- [Data for analysis]:
lemma student_t_tail_le_t_bound:
  assumes "prob_space M" "n > 0"
    and X: "distributed M lborel X (\<lambda>x. ennreal (student_t_density n x))"
    and "1 \<le> x"
  shows "measure M {\<omega> \<in> space M. x \<le> \<bar>X \<omega>\<bar>} \<le> t_bound n x"
proof -
  interpret prob_space M by fact
  define u where "u t = ennreal (2 * student_t_density n t)" for t
  define v where "v t = ennreal (- (t_kernel n t * t_slope n t))" for t
  have tail: "emeasure M {\<omega> \<in> space M. y \<le> \<bar>X \<omega>\<bar>} = (\<integral>\<^sup>+t\<in>{y..}. u t \<partial>lborel)" if "1 \<le> y" for y
  proof -
    have "{\<omega> \<in> space M. y \<le> \<bar>X \<omega>\<bar>} = X -` ({y..} \<union> uminus ` {y..}) \<inter> space M"
      by (auto simp: abs_if)
    also have "emeasure M \<dots> = (\<integral>\<^sup>+t\<in>{y..}. u t \<partial>lborel)"
      unfolding u_def by (rule emeasure_student_t_symmetric_preimage[OF assms(2) X]) (use that in auto)
    finally show ?thesis .
  qed
  have "emeasure M {\<omega> \<in> space M. x \<le> \<bar>X \<omega>\<bar>} = (\<integral>\<^sup>+t\<in>{x..}. u t \<partial>lborel)"
    by (rule tail[OF assms(4)])
  also have "\<dots> \<le> (\<integral>\<^sup>+t\<in>{x..}. v t \<partial>lborel)"
  proof (rule set_nn_integral_le_single_crossing[where A = "{1..<x}"])
    have union: "{1..<x} \<union> {x..} = {1..}" using assms(4) by auto
    have u_total: "(\<integral>\<^sup>+t\<in>{1..}. u t \<partial>lborel) \<le> 1"
      using tail[of 1] emeasure_le_1[of "{\<omega> \<in> space M. 1 \<le> \<bar>X \<omega>\<bar>}"] by simp
    also have "1 = (\<integral>\<^sup>+t\<in>{1..}. v t \<partial>lborel)"
      using nn_integral_t_bound_derivative_atLeast[OF assms(2), of 1] by (simp add: v_def t_bound_def)
    finally show "(\<integral>\<^sup>+t\<in>{1..<x} \<union> {x..}. u t \<partial>lborel) \<le> (\<integral>\<^sup>+t\<in>{1..<x} \<union> {x..}. v t \<partial>lborel)"
      unfolding union .
    have "(\<integral>\<^sup>+t\<in>{1..<x}. u t \<partial>lborel) \<le> (\<integral>\<^sup>+t\<in>{1..}. u t \<partial>lborel)"
      by (intro nn_integral_mono) (auto split: split_indicator)
    with u_total show "(\<integral>\<^sup>+t\<in>{1..<x}. u t \<partial>lborel) \<noteq> \<infinity>"
      by (auto simp: top_unique)
  next
    fix a b assume a: "a \<in> {1..<x}" and b: "b \<in> {x..}" and "u a < v a"
    then have "2 * student_t_density n a < t_kernel n a * - t_slope n a"
      using student_t_density_pos[OF assms(2), of a] by (simp add: u_def v_def ennreal_less_iff)
    then have "2 * student_t_density n 1 < - t_slope n a"
      unfolding two_student_t_density_less_iff[OF assms(2)] .
    also have "\<dots> \<le> - t_slope n b"
      using a b by (simp add: t_slope_antimono[OF assms(2)])
    finally have "2 * student_t_density n b < t_kernel n b * - t_slope n b"
      unfolding two_student_t_density_less_iff[OF assms(2)] .
    then show "u b \<le> v b"
      unfolding u_def v_def by (intro ennreal_leI) simp
  qed (auto simp: u_def v_def)
  also have "\<dots> = ennreal (t_bound n x)"
    using nn_integral_t_bound_derivative_atLeast[OF assms(2,4)] by (simp add: v_def)
  finally show ?thesis
    using t_bound_nonneg[of x n] assms(4) by (simp add: emeasure_eq_measure)
qed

- [Brief]: If a line in the records above holds the string "unfolding", copy it.

- [Reply to the task]:
      unfolding u_def by (rule emeasure_student_t_symmetric_preimage[OF assms(2) X]) (use that in auto)
      unfolding union .
      unfolding two_student_t_density_less_iff[OF assms(2)] .
      unfolding two_student_t_density_less_iff[OF assms(2)] .
      unfolding u_def v_def by (intro ennreal_leI) simp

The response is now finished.